A sort of mirror image of the search for patterns is the quest for true randomness, streams of numbers that actually have no pattern. Malcolm W. Browne, in an article, explained why that is important: “Mathematical ‘models’ designed to predict stock prices, atmospheric warming, airplane skin friction, chemical reactions, epidemics, population growth, the outcome of battles, the location of oil deposits and hundreds of other complex matters” rely on a statistical method that requires—absolutely depends on—a string of truly random numbers. The challenge is to find a way of generating those numbers and of showing that they really are random. Not so easy, as Browne explains, and some computer programs that were used to generate strings of random numbers actually were generating strings that had patterns; they were not random.

The answers to all these questions about randomness and chance can be surprising, revealing, and can make you see the world in a different way. At the very least, they may encourage a bit of skepticism. And they may encourage respect for the enormous difficulties that beset scientists venturing into this uncertain territory.

Chaos Is Defined by New Calculus

A new mathematical definition of chaos, which brings “utter confusion” for the first time under the control of man, was reported to the Fourth International Congress for Applied Mechanics here today.

The definition is a new form of calculus. It enables the scientists to predict what will happen in states of complete confusion. Practical uses are many. Examples are the solving of air turbulence which hampers airplane flights and the flow of liquids in pipes.

This calculus was reported by Dr. Norbert Wiener of the Massachusetts Institute of Technology. The mathematics first card indexes sample kinds of chaos. An engineer can select the sample which most nearly resembles his problem.

The steps of a drunken person illustrate the samples.
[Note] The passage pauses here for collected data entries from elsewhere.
theorem mainTheorem8:
  fixes S :: "nat \<Rightarrow> (complex^'n^'n) set"
    and V :: "(complex^'n^'n) set"
    and \<kappa> :: "complex^'n^'n"
  assumes S_dens: "\<And>n. S n \<subseteq> {\<rho>. density \<rho>}"
    and S_closed: "\<And>n. trclosed (S n)"
    and S_convex: "\<And>n. convex (S n)"
    and S_mono: "\<And>n. S n \<subseteq> S (Suc n)"
    and V_dens: "V \<subseteq> {\<rho>. density \<rho>}"
    and V_approx: "\<And>\<sigma> e. \<sigma> \<in> V \<Longrightarrow> e > 0 \<Longrightarrow> \<exists>N. \<exists>\<eta>\<in>S N. trdist \<sigma> \<eta> < e"
    and kV: "\<kappa> \<in> V"
    and k_int: "\<exists>\<delta>>0. \<forall>\<omega>. herm \<omega> \<and> trace \<omega> = 1 \<and> trnorm (\<omega> - \<kappa>) \<le> \<delta>
                  \<longrightarrow> density \<omega> \<and> \<omega> \<in> V"
  shows "\<exists>n. \<kappa> \<in> S n"
proof -
  define U where "U = (\<Union>n. S n)"
  define H where "H = {A::complex^'n^'n. herm A \<and> trace A = 1}"
  have U_H: "U \<subseteq> H"
    using S_dens by (auto simp: U_def H_def density_def)
  have V_H: "V \<subseteq> H"
    using V_dens by (auto simp: H_def density_def)
  have "convex U"
    unfolding U_def using S_convex by (rule convex_UN_incseq) (intro incseq_SucI S_mono)
  have V_closure: "V \<subseteq> closure U"
    using U_H V_H V_approx by (auto simp: U_def H_def intro!: herm_closure_if_trdist_approachable)
  obtain \<delta> where "\<delta> > 0" and \<delta>: "\<And>\<omega>. \<omega> \<in> H \<Longrightarrow> trnorm (\<omega> - \<kappa>) \<le> \<delta> \<Longrightarrow> \<omega> \<in> V"
    using k_int by (auto simp: H_def)
  obtain r where "r > 0"
    and r: "\<And>\<omega>. herm \<omega> \<Longrightarrow> \<omega> \<in> ball \<kappa> r \<Longrightarrow> trnorm (\<omega> - \<kappa>) \<le> \<delta>"
    using trnorm_small_near_herm[OF _ \<open>\<delta> > 0\<close>] kV V_H by (auto simp: H_def)
  have "ball \<kappa> r \<inter> H \<subseteq> closure U"
    using r \<delta> V_closure by (auto simp: H_def)
  moreover have "affine H"
    unfolding H_def by (rule affine_herm_unit_trace)
  ultimately have "\<kappa> \<in> U"
    using convex_mem_if_relative_ball_subset_closure[of U H \<kappa> r] \<open>convex U\<close> U_H kV V_H \<open>r > 0\<close>
    by blast
  then show ?thesis
    by (simp add: U_def)
qed
(* Let $V$ be a finite set of propositional variables, let $u$ be a satisfiable full Decision-DNNF vertex over $V$, and let $Pr_u$ be the probability distribution on $2^V$ defined by $u$ (see context). Let $v$ be a decision vertex in $\vartheta_u$, and let $X$ be the set of variables labelled on the decision vertices of some directed path from $u$ to a parent of $v$. Then for each $b\in\{0,1\}$, $$Pr_u\big(sym(v)=b \,\big|\, X\big)=p_b(v),$$ where the conditioning on $X$ means conditioning on the variables of $X$ taking the values that correspond to the arcs followed by that path.
   Context: A full Decision-DNNF formula is a rooted directed acyclic graph in which each vertex $v$ carries a label $sym(v)$. A leaf is labelled $\bot$ (representing the constant $0$) or $\top$ (representing $1$). An internal vertex $v$ is either (i) a decision vertex, labelled with a propositional variable $x$, having exactly two children, the low child $ch_0(v)$ and the high child $ch_1(v)$; it represents $(\neg x\wedge\varphi_0)\vee(x\wedge\varphi_1)$ where $\varphi_b$ is the formula represented by $ch_b(v)$, and $x$ occurs in neither $\varphi_0$ nor $\varphi_1$; or (ii) a decomposition vertex, labelled $\wedge$, with a set of children $Ch(v)$ whose rooted sub-DAGs pairwise share no variables; it represents the conjunction of the formulas represented by its children. The arc from a decision vertex $v$ to $ch_b(v)$ is labelled with a number $p_b(v)\ge 0$ (an estimated marginal probability), where $p_0(v)+p_1(v)=1$ and $p_b(v)=0$ iff $sym(ch_b(v))=\bot$. For a vertex $w$, $\vartheta_w$ denotes the sub-DAG rooted at $w$. A vertex is satisfiable if the formula it represents is. For a full Decision-DNNF vertex $w$ over variable set $V$ and an assignment $\omega\in 2^V$, $Pr_w(\omega)$ is defined recursively: if $w=\bot$ then $Pr_w(\omega)=0$; if $w=\top$ then $Pr_w(\omega)=2^{-|V|}$; if $w$ is a decision vertex with $sym(w)=x$ and $\omega(x)=b$ then $Pr_w(\omega)=2\,p_b(w)\,Pr_{ch_b(w)}(\omega)$; if $w$ is a decomposition vertex with children $v_1,\dots,v_n$ then $Pr_w(\omega)=2^{(n-1)|V|}\prod_{i=1}^n Pr_{v_i}(\omega)$.
   Formalization: Every vertex of $\vartheta_u$ other than $\bot$ is assumed satisfiable, and when the parent of v is a decision vertex its variable is conditioned on the value of the arc from it to v. Each condition added here is assumed in the paper as well or is needed for the statement above to hold. *)

theory Defs
  imports Complex_Main
begin
text \<open>Evaluating the fluid model equation on the corner [x,\<infinity>] \<times> [y,\<infinity>] at time s = S~(t)
  splits \<zeta>(s) into the initial term \<zeta>0([x + S(0,s),\<infinity>] \<times> [y + s,\<infinity>]), which inherits the
  Lipschitz constant z0 L from F0, and \<lambda> times the arrival term
  \<integral>_0^s \<vartheta>([x + S(u,s),\<infinity>] \<times> [y + s - u,\<infinity>]) du. Raising y to y' removes from each arrival
  integrand at most the mass lost by the marginal tail G(w) = \<vartheta>([0,\<infinity>] \<times> [w,\<infinity>]) between
  y + s - u and y' + s - u. Integrated over u these are integrals of G over two windows of
  length s that are y' - y apart, and 0 \<le> G \<le> 1 bounds their difference by y' - y.\<close>

lemma shift_Times:
  "shift (A \<times> B) a c = (\<lambda>u. u + ennreal a) ` A \<times> (\<lambda>v. v + ennreal c) ` B"
  unfolding shift_def by (auto simp: image_iff)

lemma ennreal_add_image_atLeast:
  fixes X E :: ennreal
  assumes "E \<noteq> \<infinity>"
  shows "(\<lambda>u. u + E) ` {X..} = {X + E..}"
proof
  show "(\<lambda>u. u + E) ` {X..} \<subseteq> {X + E..}"
    by (auto intro: add_right_mono)
  show "{X + E..} \<subseteq> (\<lambda>u. u + E) ` {X..}"
  proof
    fix w assume "w \<in> {X + E..}"
    then have w: "X + E \<le> w" by simp
    then have "E \<le> w" by (metis add.commute add_increasing2 zero_le order_trans order_refl)
    then have "w = (w - E) + E" by (simp add: diff_add_cancel_ennreal)
    moreover have "X \<le> w - E" using w assms by (simp add: ennreal_le_minus_iff)
    ultimately show "w \<in> (\<lambda>u. u + E) ` {X..}" by (metis atLeast_iff image_eqI)
  qed
qed

lemma shift_corner: "shift ({X..} \<times> {Y..}) a c = {X + ennreal a..} \<times> {Y + ennreal c..}"
  by (simp add: shift_Times ennreal_add_image_atLeast)

lemma corner_in_corner_sets: "{X..} \<times> {Y..} \<in> corner_sets"
  unfolding corner_sets_def by blast

lemma UNIV_eq_corner: "(UNIV :: (ennreal \<times> ennreal) set) = {0..} \<times> {0..}"
  by auto

lemma integral_reflect_shift_Icc:
  fixes s c :: real
  shows "integral {0..s} (\<lambda>u. f (c - u)) = integral {c - s..c} f"
proof -
  have "integral {c - s..c} f = integral {-s..-0} ((\<lambda>v. f (c - v)) \<circ> uminus)"
    using integral_shift_Icc_real[of "-s" 0 f c] by (simp add: comp_def algebra_simps)
  also have "\<dots> = integral {0..s} (\<lambda>v. f (c - v))"
    using Henstock_Kurzweil_Integration.integral_reflect_real[of s 0 "\<lambda>v. f (c - v)"] by (simp add: comp_def)
  finally show ?thesis ..
qed
(* Let $X$ and $Y$ be metric spaces and let $A(X)\subseteq C(X)$ and $A(Y)\subseteq C(Y)$ be adequate subspaces. Assume that either (a) $A(Y)=A^{\mathrm{loc}}(Y)$ or $A(Y)=A^{\mathrm{loc}}_b(Y)$, or (b) $Y$ is complete and for every separated sequence $(y_n)$ in $Y$ there exists $g\in A(Y)$ with $g(y_{2n})=1$ and $g(y_{2n-1})=0$ for all $n$. If $h:\mathcal{A}X\to\mathcal{A}Y$ is a homeomorphism and $x_0\in X$, then $h(x_0)\in Y$.
   Context: All functions are real-valued. $A(X)\subseteq C(X)$ separates points from closed sets if for every $x\in X$ and closed $F\not\ni x$ there is $f\in A(X)$ with $f(x)=1$, $f=0$ on $F$. $A(X)$ is adequate if (a) it separates points from closed sets and contains the constants; (b) there is a continuous nondecreasing $g:\mathbb{R}\to\mathbb{R}$ with $g(t)=0$ for $t\le0$, $g(t)=1$ for $t\ge1$, and $g\circ f\in A(X)$ for all $f\in A(X)$; (c) every $f\in A(X)$ is a difference of two nonnegative elements of $A(X)$. $A^{\mathrm{loc}}(Y)$ is the space of real functions $f$ on $Y$ such that every $y_0\in Y$ has a neighborhood $U$ and some $g\in A(Y)$ with $f=g$ on $U$; $A^{\mathrm{loc}}_b(Y)$ is its subspace of bounded functions. A sequence (set of points) in a metric space is separated if there is $\varepsilon>0$ with $d(y,y')\ge\varepsilon$ for any two distinct points $y,y'$ of it. The $A(X)$-compactification $\mathcal{A}X$ is the closure of $i(X)$ in $[-\infty,\infty]^{A(X)}$ (product of order topologies), $i(x)(\varphi)=\varphi(x)$, with $X$ identified with $i(X)$; $\mathcal{A}Y$ is defined analogously. *)

theory Defs
  imports "HOL-Analysis.Analysis" "HOL-Library.Extended_Real"
begin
The wabbly walk was one of the problems in chaos which first interested Dr. Wiener. Each step has no relation to previous steps. But calculus can show how far the “drunk” is likely to go in a given time.

Problem in Planets’ Motions

“Perturbations” of the planets, their slight, irregular wanderings from their orbits, are a practical example of chaotic movement. Astronomers have been figuring them for centuries, and an explanation by Dr. Albert Einstein of one unexpected motion helped build his fame.

The new definition, Dr. Wiener explained, is entirely mathematical. It defines “pure” chaos. Practical examples of the “pure” state are difficult, he said, but closest to 100 percent chaos are the noises you hear in a vacuum tube, like the radio. Electrons make them, by striking target. But no single electric makes a sound. The racket comes from “mass,” that is, when a lot of electrons hit simultaneously.

There are three steps in the new calculus, said Dr. Wiener. The first was the “ergotic” (from the Greek word “ergon,” meaning work) theorem of Willard Gibbs, American scientist of the last century. It declared that a chaotic system would run through all possible phases of confusion.

Scientists, said Dr. Wiener, found that the systems did not run the entire gamut.

The next step was by Dr. G. D. Birkhoff of Harvard, with new mathematics by which the time when chaotic events would happen could be averaged.

Adds Factor of Space

Dr. Wiener’s word adds “space” to chaos, so as to tell not only the time but the place where a change is likely.

In airplane flights one of the “chaos” troubles is to figure when and where the smooth flow of air over the top of a streamlined wing will break up into eddies, and what kind of eddies. The eddies interfere with the plane’s lifting power.

Engineers by experiment measure some of these eddies. But it is impossible to measure them all. Designers have to guess on the basis of their sample eddies. The new mathematics is designed to take the guess work out of these experiments by showing whether the samples are well chosen.

Dr. Norbert Wiener, professor of mathematics at M.I.T. since 1932, received his bachelor’s degree from Tufts College in 1909 at the age of 14 and won is his Ph.D. at Harvard when he was 18.

September 14, 1938

Experts Debate the Prediction of Disasters

By MALCOLM W. BROWNE

An increasingly bitter debate is spreading among experts in many fields of science over “catastrophe theory”—a mathematical concept intended to explain and predict events as disparate as chemical reactions, dog bites, stock market crashes and the outbreak of war.

General interest in the principle has reached the point that a lecture on the subject at the University of California attracted 1,000 people, and the supply of papers on catastrophe theory is exhausted almost as soon as they are published. Catastrophe theory is a concept that says the probability that sudden events will occur can be accurately forecast by plotting developments mathematically.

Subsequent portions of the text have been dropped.